Presentato il VI e il VII Rapporto “Mafie nel Lazio”. La ‘ndrangheta è in ascesa in tutta la regione, con affari leciti e illeciti

Roma – “Una molteplicità di forme criminali che ormai caratterizza il contesto criminale laziale rendendolo unico rispetto ad altre regioni considerate non a tradizionale presenza mafiosa. È una espansione del modello culturale-criminale delle mafie, un modello mafioso produce un inquietante effetto emulativo anche sulle altre organizzazioni criminali”.

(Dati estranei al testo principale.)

theory Submission
  imports Defs
begin

text \<open>Fix \<open>u \<noteq> 0\<close> and \<open>y \<in> Y\<close>. The functional \<open>L f = (\<tilde>T\<^sub>u f)(y)\<close> on \<open>C(X)\<close> satisfies \<open>L 0 = 0\<close> and
  \<open>L f - L g \<in> Ran(f - g)\<close>. Along every real direction \<open>b\<close> the map \<open>w \<mapsto> L (a + w b)\<close> then has real
  difference quotients, hence is affine; boundedness of \<open>a\<close> pins down its slope, so
  \<open>L (a + w b) = L a + w L b\<close>. Consequently \<open>L\<close> annihilates \<open>|f - L f|\<^sup>2\<close> for every \<open>f\<close>, and if no
  point \<open>p\<close> had \<open>L f = f p\<close> for all \<open>f\<close>, compactness would give finitely many \<open>f\<close> for which
  the sum of these squares is positive on \<open>X\<close>, although \<open>L\<close> sends it to one of its values and to
  \<open>0\<close>. So \<open>\<tilde>T\<^sub>u f = f \<circ> \<phi>\<^sub>u\<close>; continuity of \<open>\<phi>\<^sub>u\<close> follows from continuity of the maps
  \<open>T (f \<otimes> u)\<close>, since \<open>c \<mapsto> c u\<close> is a topological embedding near \<open>0\<close> and \<open>X\<close> is completely
  regular.\<close>

lemma continuous_map_mult [continuous_intros]:
  fixes f g :: "'a \<Rightarrow> 'b::real_normed_algebra"
  shows "continuous_map X euclidean f \<Longrightarrow> continuous_map X euclidean g \<Longrightarrow>
    continuous_map X euclidean (\<lambda>x. f x * g x)"
  by (simp add: continuous_map_atin tendsto_mult)

lemma continuous_map_of_real [continuous_intros]:
  "continuous_map X euclideanreal f \<Longrightarrow>
    continuous_map X euclidean (\<lambda>x. of_real (f x) :: 'b::real_normed_algebra_1)"
  by (simp add: continuous_map_atin tendsto_of_real)

lemma continuous_map_Re [continuous_intros]:
  "continuous_map X euclidean f \<Longrightarrow> continuous_map X euclideanreal (\<lambda>x. Re (f x))"
  by (simp add: continuous_map_atin tendsto_Re)

lemma continuous_map_Im [continuous_intros]:
  "continuous_map X euclidean f \<Longrightarrow> continuous_map X euclideanreal (\<lambda>x. Im (f x))"
  by (simp add: continuous_map_atin tendsto_Im)

lemma real_slopes_imp_affine:
  fixes \<phi> :: "complex \<Rightarrow> complex"
  assumes slopes: "\<And>a b. \<exists>r::real. \<phi> a - \<phi> b = (a - b) * of_real r"
  shows "\<phi> z = \<phi> 0 + z * (\<phi> 1 - \<phi> 0)"
proof -
  obtain r0 where r0: "\<phi> 1 - \<phi> 0 = of_real r0"
    using slopes[of 1 0] by auto
  define \<psi> where "\<psi> w = \<phi> w - \<phi> 0 - w * of_real r0" for w
  have \<psi>_slopes: "\<exists>r::real. \<psi> a - \<psi> b = (a - b) * of_real r" for a b
  proof -
    obtain r where "\<phi> a - \<phi> b = (a - b) * of_real r"
      using slopes by blast
    then show ?thesis
      by (intro exI[of _ "r - r0"]) (simp add: \<psi>_def algebra_simps)
  qed
  have \<psi>_0: "\<psi> 0 = 0" and \<psi>_1: "\<psi> 1 = 0"
    using r0 by (simp_all add: \<psi>_def)
  have \<psi>_nonreal: "\<psi> w = 0" if "Im w \<noteq> 0" for w
  proof -
    \<comment> \<open>\<open>\<psi> w\<close> is a real multiple of both \<open>w\<close> and \<open>w - 1\<close>, which are linearly independent over \<open>\<real>\<close>\<close>
    obtain s q where s: "\<psi> w = w * of_real s" and q: "\<psi> w = (w - 1) * of_real q"
      using \<psi>_slopes[of w 0] \<psi>_slopes[of w 1] \<psi>_0 \<psi>_1 by auto
    then have "w * of_real s = (w - 1) * of_real q"
      by simp
    from arg_cong[OF this, of Im] arg_cong[OF this, of Re] that have "s = 0"
      by (simp add: algebra_simps)
    with s show ?thesis
      by simp
  qed
  have "\<psi> z = 0"
  proof (cases "Im z = 0")
    case True
    obtain s q where s: "\<psi> z = z * of_real s" and q: "\<psi> z = (z - \<i>) * of_real q"
      using \<psi>_slopes[of z 0] \<psi>_slopes[of z \<i>] \<psi>_0 \<psi>_nonreal[of \<i>] by auto
    from arg_cong[OF trans[OF s[symmetric] q], of Im] True have "q = 0"
      by simp
    with q show ?thesis
      by simp
  qed (rule \<psi>_nonreal)
  with r0 show ?thesis
    by (simp add: \<psi>_def algebra_simps)
qed

locale diff_range_functional =
  fixes X :: "'a topology" and L :: "('a \<Rightarrow> complex) \<Rightarrow> complex"
  assumes compact: "compact_space X"
    and zero: "L (\<lambda>x. 0) = 0"
    and diff_in_range: "\<And>f g. continuous_map X euclidean f \<Longrightarrow> continuous_map X euclidean g \<Longrightarrow>
      \<exists>x\<in>topspace X. L f - L g = f x - g x"
begin
(* Consider the rank-one construction with $p_n$ even, $s_{n,j}=0$ for $0\le j<p_n/2$ and $s_{n,j}=1$ for $p_n/2\le j<p_n$, and assume $p_n/h_n\to\infty$. Let $0<\alpha<1$ and let $(\ell_n)$ be integers such that $\ell_n$ is a multiple of $h_n+1$ for every $n$ and $\ell_n=\alpha p_n/2+o(p_n)$. Then $U_T^{-\ell_nh_n}\to\alpha\Theta+(1-\alpha)\mathrm{Id}$ weakly as $n\to\infty$.
   Context: Rank-one construction: parameters $p_n\ge2$, $s_{n,i}\ge0$; $h_1=1$, $h_{n+1}=p_nh_n+\sum_is_{n,i}$; $T$ is the map obtained by cutting and stacking (at stage $n$ the tower of height $h_n$ is cut into $p_n$ equal columns, $s_{n,i}$ spacers put above column $i$, column $i+1$ stacked on column $i$), on a probability space. $U_Tf=f\circ T$ on $L^2$; $\Theta$ is the orthogonal projection onto the constant functions. *)

theory Defs
  imports "HOL-Probability.Probability" "HOL-Library.Landau_Symbols"
begin

text \<open>Heights of the rank-one towers (stages indexed from 0, so that
  h 0 = 1 plays the role of h_1 in the paper).\<close>
fun rk1_height :: "(nat \<Rightarrow> nat) \<Rightarrow> (nat \<Rightarrow> nat \<Rightarrow> nat) \<Rightarrow> nat \<Rightarrow> nat" where
  "rk1_height p s 0 = 1"
| "rk1_height p s (Suc n) = p n * rk1_height p s n + (\<Sum>i<p n. s n i)"

definition ipow :: "('a \<Rightarrow> 'a) \<Rightarrow> ('a \<Rightarrow> 'a) \<Rightarrow> int \<Rightarrow> 'a \<Rightarrow> 'a" where
  "ipow T Tinv k = (if k \<ge> 0 then T ^^ nat k else Tinv ^^ nat (- k))"
(* Under the assumptions of the context, the $r\times r$ block $T=(Q_0)_{1,1}$ is a Jacobian matrix: there exist new local coordinates $\hat t_1,\dots,\hat t_r$ on $\mathbb C^r$ such that $T_{ij}=\partial_j\hat t_i$ for $1\le i,j\le r$, where $\partial_j=\partial/\partial t_j$.
   Context: Let $q_i=e^{t_i}$, $\partial_i=q_i\partial/\partial q_i$, $K$ a ring of functions of $q$, $h$ a complex parameter. $\mathcal A=K[b_1,\dots,b_r]/(\mathcal R_1,\dots,\mathcal R_u)$ with relations homogeneous for degrees $|b_i|=2$ and integers $|q_j|\ge0$, free over $K$ of rank $s+1$, deforming $\mathcal A_0=\mathbb C[b]/(\mathcal R_i|_{q=0})$ with $\dim\mathcal A_0=s+1$. $D^h$ is the ring of differential operators generated by $h\partial_1,\dots,h\partial_r$ over $K[h]$; $M^h=D^h/(D^h_1,\dots,D^h_u)$ is a quantization of $\mathcal A$ (free over $K[h]$ of rank $s+1$, $\lim_{h\to0}S(D^h_i)=\mathcal R_i$, $S$ replacing $h\partial_j$ by $b_j$), each $D^h_i$ homogeneous with $\deg h=2$, $\deg q_j=|q_j|$, $\deg\partial_j=0$. The $K[h]$-basis $[P_0],\dots,[P_s]$ consists of standard monomials in $h\partial_j$ for a Gröbner basis of the ideal (graded reverse lexicographic order), with $P_0=1$, $P_i=h\partial_i$ ($1\le i\le r$), and $c_j=\lim_{h\to0}S(P_j)$ a $K$-basis of $\mathcal A$. $\Omega^h_i$ is defined by $[\partial_iP_j]=\sum_k(\Omega^h_i)_{kj}[P_k]$, $\omega_i$ by $[b_ic_j]=\sum_k(\omega_i)_{kj}[c_k]$, $\Omega^h=\sum\Omega^h_idt_i$ (flat), $\omega=\sum\omega_idt_i$. Assume $\Omega^h=\frac1h\omega+\theta$, and that the zero-th order term of any second order element of the Gröbner basis is independent of $h$. Let $Q_0$ solve $Q_0^{-1}dQ_0=\theta$ on a connected domain with $Q_0=I$ at some point; then $Q_0$ is block upper triangular in its first two block rows, with $(0,0)$ block $1$ and $(1,1)$ block $T$, where blocks refer to the decomposition of $M^h$ by degree in $h\partial$ (degree $0$ spanned by $[1]$, degree $1$ by $[h\partial_1],\dots,[h\partial_r]$). *)

theory Defs
  imports "HOL-Analysis.Analysis"
begin

text \<open>Coordinates t = (t_1,...,t_r) range over complex^'i, with r = CARD('i).
  Multi-indices (exponents of monomials in h d_1,...,h d_r) are functions 'i => nat.
  The K[h]-basis [P_alpha] of M^h is indexed by the finite set S of exponents of the
  standard monomials P_alpha = (h d)^alpha.  Matrices acting on M^h are functions
  mi => mi => complex (only entries indexed by S matter).\<close>

type_synonym 'i mi = "'i \<Rightarrow> nat"

definition mi0 :: "'i mi" where "mi0 = (\<lambda>_. 0)"

definition unitv :: "'i \<Rightarrow> 'i mi" where "unitv i = (\<lambda>k. if k = i then 1 else 0)"

definition incr :: "'i mi \<Rightarrow> 'i \<Rightarrow> 'i mi" where
  "incr \<alpha> i = (\<lambda>k. \<alpha> k + (if k = i then 1 else 0))"

definition order_ideal :: "'i mi set \<Rightarrow> bool" where
  "order_ideal S \<longleftrightarrow> (\<forall>\<alpha> \<beta>. \<alpha> \<in> S \<longrightarrow> (\<forall>k. \<beta> k \<le> \<alpha> k) \<longrightarrow> \<beta> \<in> S)"

definition cholo_on :: "(complex^'i::finite) set \<Rightarrow> (complex^'i \<Rightarrow> complex) \<Rightarrow> bool" where
  "cholo_on U f \<longleftrightarrow> (\<forall>t\<in>U. \<exists>c::complex^'i.
      (f has_derivative (\<lambda>v. \<Sum>j\<in>UNIV. c $ j * v $ j)) (at t))"
definition omit_sum :: "nat \<Rightarrow> (nat \<Rightarrow> int) \<Rightarrow> ('e::linorder) list \<Rightarrow> 'e lam" where
  "omit_sum r f ws = (\<lambda>U. \<Sum>i<length ws. f i * listprod r (remove_nth i ws) U)"

lemma arnold_eq_omit_sum:
  "length ws \<noteq> 1 \<Longrightarrow>
    arnold r src tgt ws vs = omit_sum r (\<lambda>i. if even r then (-1) ^ (i + 1) else eps src tgt ws vs i) ws"
  by (simp add: arnold_def omit_sum_def)

lemma omit_sum_Nil [simp]: "omit_sum r f [] = lzero"
  by (simp add: omit_sum_def lzero_def)

lemma lmult_sum_right:
  "finite I \<Longrightarrow> lmult r c (\<lambda>U. \<Sum>i\<in>I. k i * g i U) = (\<lambda>U. \<Sum>i\<in>I. k i * lmult r c (g i) U)"
  by (rule ext) (simp add: lmult_ksign sum_distrib_left sum_distrib_right algebra_simps sum.swap[where A = I])

lemma omit_sum_Cons:
  "omit_sum r f (a # ws) = ladd (lscale (f 0) (listprod r ws)) (lmult r (gen a) (omit_sum r (\<lambda>i. f (Suc i)) ws))"
  unfolding omit_sum_def ladd_def lscale_def lmult_sum_right[OF finite_lessThan]
  by (simp only: length_Cons sum.lessThan_Suc_shift) simp

lemma finite_supp_omit_sum [simp]: "finite_supp (omit_sum r f ws)"
  unfolding finite_supp_def omit_sum_def
  by (metis (no_types, lifting) finite_supp_infinite finite_supp_listprod mult_zero_right sum.neutral)

lemma omit_sum_cong: "(\<And>i. i < length ws \<Longrightarrow> f i = g i) \<Longrightarrow> omit_sum r f ws = omit_sum r g ws"
  unfolding omit_sum_def by (intro ext sum.cong) auto

lemma omit_sum_scale: "omit_sum r (\<lambda>i. c * f i) ws = lscale c (omit_sum r f ws)"
  unfolding omit_sum_def lscale_def by (simp add: sum_distrib_left mult.assoc)

lemma omit_sum_nonzero:
  assumes "omit_sum r f ws U \<noteq> 0"
  obtains i where "i < length ws" "listprod r (remove_nth i ws) U \<noteq> 0"
  using assms unfolding omit_sum_def by (metis (no_types, lifting) lessThan_iff mult_zero_right sum.neutral)

lemma homog_omit_sum: "homog (length ws - 1) (omit_sum r f ws)"
  unfolding homog_def
  by (metis omit_sum_nonzero homog_def homog_listprod length_remove_nth)

lemma in_lam_omit_sum: "set ws \<subseteq> E \<Longrightarrow> in_lam E (omit_sum r f ws)"
  unfolding in_lam_def
  by (metis omit_sum_nonzero in_lam_def in_lam_listprod set_remove_nth subset_trans)

lemma omit_sum_append:
  "omit_sum r f (as @ bs) = ladd (lmult r (omit_sum r f as) (listprod r bs))
     (lmult r (listprod r as) (omit_sum r (\<lambda>i. f (i + length as)) bs))"
proof (induction as arbitrary: f)
  case Nil
  show ?case by (simp add: lmult_lone_left)
next
  case (Cons a as)
  show ?case
    unfolding append_Cons omit_sum_Cons Cons listprod_append
    by (simp add: lmult_ladd_left lmult_ladd_right lmult_lscale_left lmult_assoc)
      (rule ext, simp add: ladd_def lscale_def)
qed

A parlare è Gianpiero Cioffredi, presidente dell’Osservatorio per la Sicurezza e la Legalità della Regione Lazio, che ha presentato questa mattina, insieme Governatore Zingaretti, presso la Camera di Commercio di Roma, il VI e il VII Rapporto “Mafie nel Lazio”. Un lungo incontro per fare il punto sul fenomeno nel territorio laziale presenti Lorenzo Tagliavanti, Presidente della Camera di Commercio di Roma, Ilaria Calò, Procuratrice Aggiunta della Direzione Distrettuale Antimafia-Roma, Colonnello Roberto Prosperi, Comandante del Gruppo Analisi e Relazioni Operative del Servizio Centrale Investigazione Criminalità Organizzata della GdF, Colonnello Gianluca Valerio, Vice Comandante del ROS, Prefetto Francesco Messina, Direttore Centrale Anticrimine della Polizia di Stato.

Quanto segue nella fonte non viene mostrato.